Pau Gasol has yet to take the floor this season. The veteran big man underwent foot surgery during the 2019 postseason, when he was a member of the Milwaukee Bucks, and during the summer, Gasol joined the Portland Trail Blazers. There’s no word on when we’ll see the future Hall of Fame inductee suit up for his new squad for the first time.
Sitting on the sideline has let Gasol experience basketball as more of an observer this year. Between this and the fact that he’s been around the game forever — he came into the league after getting selected in the 2011 NBA Draft — Gasol has watched a whole lot of ball. In an interview with Spanish newspaper Marca, he was asked about the way the game has evolved over the years, and his answer wasn’t necessarily positive.
Basically, Gasol said basketball has lost something with how it has changed during the pace-and-space era, going as far as to say that the NBA “has lost the beauty of the game.”
“It has changed a lot,” Gasol said. “For me, the big change is the game itself. There are very fast shots, very short possessions, few passes in each attack. There are many hasty shots. When I was younger, some of the shots that are attempted today would have seen the coach send you to the bench as a punishment. Now it is encouraged to shoot in the first eight seconds of possession. It has lost the beauty of the game, the purity it had, the fact of moving the ball from one side to the other, the ball inside-outside, which was to play with two in the post. Now there are times when there are teams that play with five small guys. [Mario] Hezonja played the other day as centre with us.”

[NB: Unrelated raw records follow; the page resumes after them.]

lemma sum_binomial_weights_mean:
  fixes s :: real
  shows "(\<Sum>n\<le>k. real n * (real (k choose n) * s ^ n * (1 - s) ^ (k - n))) = real k * s"
proof (cases k)
  case (Suc j)
  have shift: "real (Suc i) * (real (Suc j choose Suc i) * s ^ Suc i * (1 - s) ^ (Suc j - Suc i))
      = real (Suc j) * s * (real (j choose i) * s ^ i * (1 - s) ^ (j - i))" for i
  proof -
    have "real (Suc i) * real (Suc j choose Suc i) = real (Suc j) * real (j choose i)"
      by (metis Suc_times_binomial of_nat_mult)
    then show ?thesis
      by (simp only: power_Suc diff_Suc_Suc mult.assoc[symmetric]) (simp only: mult_ac)
  qed
  have "(\<Sum>n\<le>Suc j. real n * (real (Suc j choose n) * s ^ n * (1 - s) ^ (Suc j - n)))
      = (\<Sum>i\<le>j. real (Suc j) * s * (real (j choose i) * s ^ i * (1 - s) ^ (j - i)))"
    unfolding sum.atMost_Suc_shift by (simp only: of_nat_0 mult_zero_left add_0 shift)
  also have "\<dots> = real (Suc j) * s"
    by (simp add: sum_distrib_left[symmetric] sum_binomial_weights)
  finally show ?thesis using Suc by simp
qed simp

lemma negative_binomial_sums:
  fixes x :: real
  assumes "0 \<le> x" "x < 1"
  shows "(\<lambda>m. real ((n + m) choose n) * x ^ m) sums (1 / (1 - x) ^ (n + 1))"
proof -
  have "(\<lambda>m. (- real (n + 1) gchoose m) * (- x) ^ m) sums (1 + - x) powr (- real (n + 1))"
    using assms by (intro gen_binomial_real) simp
  moreover have "(- real (n + 1) gchoose m) * (- x) ^ m = real ((n + m) choose n) * x ^ m" for m
  proof -
    have "(- real (n + 1) gchoose m) = (- 1) ^ m * (real (n + m) gchoose m)"
      by (subst gbinomial_negated_upper) (simp add: add_ac)
    also have "real (n + m) gchoose m = real ((n + m) choose m)"
      by (rule binomial_gbinomial[symmetric])
    also have "(n + m) choose m = (n + m) choose n"
      by (metis binomial_symmetric le_add2 add_diff_cancel_right')
    finally show ?thesis by (simp add: power_minus' mult_ac)
  qed
  moreover have "(1 + - x) powr (- real (n + 1)) = 1 / (1 - x) ^ (n + 1)"
  proof -
    have "(1 + - x) powr (- real (n + 1)) = inverse ((1 - x) powr real (n + 1))"
      by (metis powr_minus uminus_add_conv_diff add.commute)
    also have "(1 - x) powr real (n + 1) = (1 - x) ^ (n + 1)"
      using assms by (intro powr_realpow) simp
    finally show ?thesis by (simp add: divide_inverse)
  qed
  ultimately show ?thesis by simp
qed

definition thinning :: "real \<Rightarrow> (nat \<Rightarrow> real) \<Rightarrow> nat \<Rightarrow> real" where
  "thinning s p n = (\<Sum>m. p (n + m) * real ((n + m) choose n) * s ^ n * (1 - s) ^ m)"

lemma death_semigroup_eq_thinning: "death_semigroup t p = thinning (exp (- t)) p"
proof
  fix n
  have "exp (- t * real n) = exp (- t) ^ n"
    by (simp add: exp_of_nat_mult[symmetric] mult.commute)
  then show "death_semigroup t p n = thinning (exp (- t)) p n"
    unfolding death_semigroup_def thinning_def by simp
qed

lemma prob_dist_le_1:
  assumes "prob_dist p"
  shows "p n \<le> 1"
proof -
  have "sum p {n} \<le> suminf p"
    using assms by (intro sum_le_suminf) (auto simp: prob_dist_def sums_iff)
  then show ?thesis
    using assms by (simp add: prob_dist_def sums_iff)
qed

lemma
  assumes p: "prob_dist p" and s: "0 \<le> s" "s \<le> 1"
  shows summable_thinning_terms:
      "summable (\<lambda>m. p (n + m) * real ((n + m) choose n) * s ^ n * (1 - s) ^ m)"
    and thinning_sums_1: "thinning s p sums 1"
proof -
  define a where "a = (\<lambda>k n. p k * (real (k choose n) * s ^ n * (1 - s) ^ (k - n)))"
  have nonneg: "0 \<le> a k n" for k n
    using p s unfolding a_def prob_dist_def by auto
  have rows: "(\<Sum>n\<le>k. a k n) = p k" for k
    unfolding a_def by (simp add: sum_distrib_left[symmetric] sum_binomial_weights)
  have p_sums: "p sums 1"
    using p by (simp add: prob_dist_def)
  then have "summable (\<lambda>k. \<Sum>n\<le>k. a k n)"
    unfolding rows by (simp add: sums_iff)
  moreover have "a (n + m) n = p (n + m) * real ((n + m) choose n) * s ^ n * (1 - s) ^ m" for n m
    unfolding a_def by (simp add: mult_ac)
  ultimately show "summable (\<lambda>m. p (n + m) * real ((n + m) choose n) * s ^ n * (1 - s) ^ m)"
    and "thinning s p sums 1"
    using sums_triangle_reindex_nonneg[of a, OF nonneg] p_sums
    unfolding rows thinning_def by (simp_all add: sums_iff)
qed

lemma thinning_nonneg:
  assumes "prob_dist p" "0 \<le> s" "s \<le> 1"
  shows "0 \<le> thinning s p n"
  unfolding thinning_def using assms summable_thinning_terms[OF assms]
  by (intro suminf_nonneg) (auto simp: prob_dist_def)

lemma thinning_pos:
  assumes "prob_dist p" "\<And>k. 0 < p k" "0 < s" "s \<le> 1"
  shows "0 < thinning s p n"
  unfolding thinning_def using assms summable_thinning_terms[of p s]
  by (intro suminf_pos2[where i = 0]) (auto simp: prob_dist_def)

lemma prob_dist_thinning:
  assumes "prob_dist p" "0 \<le> s" "s \<le> 1"
  shows "prob_dist (thinning s p)"
  using assms thinning_nonneg thinning_sums_1 by (simp add: prob_dist_def)

lemma
  assumes p: "prob_dist p" "finite_mean p" and s: "0 \<le> s" "s \<le> 1"
  shows finite_mean_thinning: "finite_mean (thinning s p)"
    and mean_N_thinning: "mean_N (thinning s p) = s * mean_N p"
proof -
  define a where "a = (\<lambda>k n. real n * (p k * (real (k choose n) * s ^ n * (1 - s) ^ (k - n))))"
  have nonneg: "0 \<le> a k n" for k n
    using p s unfolding a_def prob_dist_def by auto
  have rows: "(\<Sum>n\<le>k. a k n) = s * (real k * p k)" for k
    unfolding a_def
    by (simp add: sum_distrib_left[symmetric] mult.left_commute[of _ "p k"] sum_binomial_weights_mean)
  have mean_summable: "summable (\<lambda>k. real k * p k)"
    using p by (simp add: finite_mean_def)
  then have "summable (\<lambda>k. \<Sum>n\<le>k. a k n)"
    unfolding rows by (rule summable_mult)
  then have "(\<lambda>n. \<Sum>m. a (n + m) n) sums (\<Sum>k. \<Sum>n\<le>k. a k n)"
    by (rule sums_triangle_reindex_nonneg(2)[OF nonneg])
  moreover have "(\<Sum>m. a (n + m) n) = real n * thinning s p n" for n
    unfolding a_def thinning_def
    using suminf_mult[OF summable_thinning_terms[OF p(1) s, of n], of "real n"]
    by (simp add: mult_ac)
  ultimately have "(\<lambda>n. real n * thinning s p n) sums (\<Sum>k. s * (real k * p k))"
    unfolding rows by simp
  moreover have "(\<Sum>k. s * (real k * p k)) = s * mean_N p"
    unfolding mean_N_def by (rule suminf_mult[OF mean_summable])
  ultimately show "finite_mean (thinning s p)" and "mean_N (thinning s p) = s * mean_N p"
    by (auto simp: finite_mean_def mean_N_def sums_iff)
qed

lemma thinning_1 [simp]: "thinning 1 p = p"
proof
  fix n
  have "(\<lambda>m. p (n + m) * real ((n + m) choose n) * 1 ^ n * (1 - 1) ^ m)
      = (\<lambda>m. if m = 0 then p n else 0)"
    by (auto simp: fun_eq_iff)
  then show "thinning 1 p n = p n"
    unfolding thinning_def using sums_single[of 0 "\<lambda>_. p n"] by (simp add: sums_iff)
qed

lemma geo_dist_eq_divide:
  assumes "m + 1 \<noteq> 0"
  shows "geo_dist m n = m ^ n / (m + 1) ^ (n + 1)"
  using assms unfolding geo_dist_def by (simp add: field_simps power_divide)

lemma geo_dist_pos: "m > 0 \<Longrightarrow> geo_dist m n > 0"
  by (simp add: geo_dist_eq_divide)

lemma ln_geo_dist:
  assumes "m > 0"
  shows "ln (geo_dist m n) = real n * ln m - real (n + 1) * ln (m + 1)"
  using assms by (simp add: geo_dist_eq_divide ln_div ln_realpow del: power_Suc)

lemma prob_dist_geo_dist:
  assumes "m > 0"
  shows "prob_dist (geo_dist m)"
proof -
  define r where "r = m / (m + 1)"
  have r: "0 < r" "r < 1"
    using assms by (auto simp: r_def field_simps)
  have "(\<lambda>n. (1 - r) * r ^ n) sums ((1 - r) * (1 / (1 - r)))"
    using r by (intro sums_mult geometric_sums) auto
  then show ?thesis
    using r geo_dist_pos[OF assms] unfolding prob_dist_def geo_dist_def r_def[symmetric]
    by (auto intro: less_imp_le)
qed

lemma
  assumes "m > 0"
  shows finite_mean_geo_dist: "finite_mean (geo_dist m)"
    and mean_N_geo_dist: "mean_N (geo_dist m) = m"
proof -
  define r where "r = m / (m + 1)"
  have r: "0 < r" "r < 1" "r / (1 - r) = m"
    using assms by (auto simp: r_def field_simps)
  have "(\<lambda>n. real (Suc n) * r ^ Suc n) sums (r / (1 - r) ^ 2)"
    using sums_mult[OF geometric_deriv_sums[of r], of r] r by (simp add: mult_ac)
  from sums_Suc[OF this] have "(\<lambda>n. real n * r ^ n) sums (r / (1 - r) ^ 2)"
    by simp
  then have "(\<lambda>n. (1 - r) * (real n * r ^ n)) sums ((1 - r) * (r / (1 - r) ^ 2))"
    by (rule sums_mult)
  moreover have "(1 - r) * (r / (1 - r) ^ 2) = m"
    using r by (simp add: power2_eq_square)
  ultimately have "(\<lambda>n. real n * geo_dist m n) sums m"
    unfolding geo_dist_def r_def[symmetric] by (simp add: mult_ac)
  then show "finite_mean (geo_dist m)" and "mean_N (geo_dist m) = m"
    by (simp_all add: finite_mean_def mean_N_def sums_iff)
qed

This isn’t exactly a new argument, as plenty of folks have lamented that teams have opted to go small and place a premium on hoisting up threes and getting shots in the rim as opposed to a more passing-friendly, egalitarian approach that includes big men going to work in the paint. Where Gasol goes a bit farther than most is by saying this is not, necessarily, a trend that’s unique to basketball.
“I want to keep fighting, I think you can win by playing with two tall players,” Gasol said. “I wish I could contribute to this theory, really, in the time I have left as a player. The fact is that the NBA likes this dynamism, this speed. This is how society and the world in general are evolving. Everything is like that, everything is more dynamic, faster.”
The good news for Gasol is that Portland has a collection of bigger dudes, especially when Jusuf Nurkic also comes back from injury. Perhaps they’ll be able to test his theory about multiple tall player being able to win games in the modern NBA.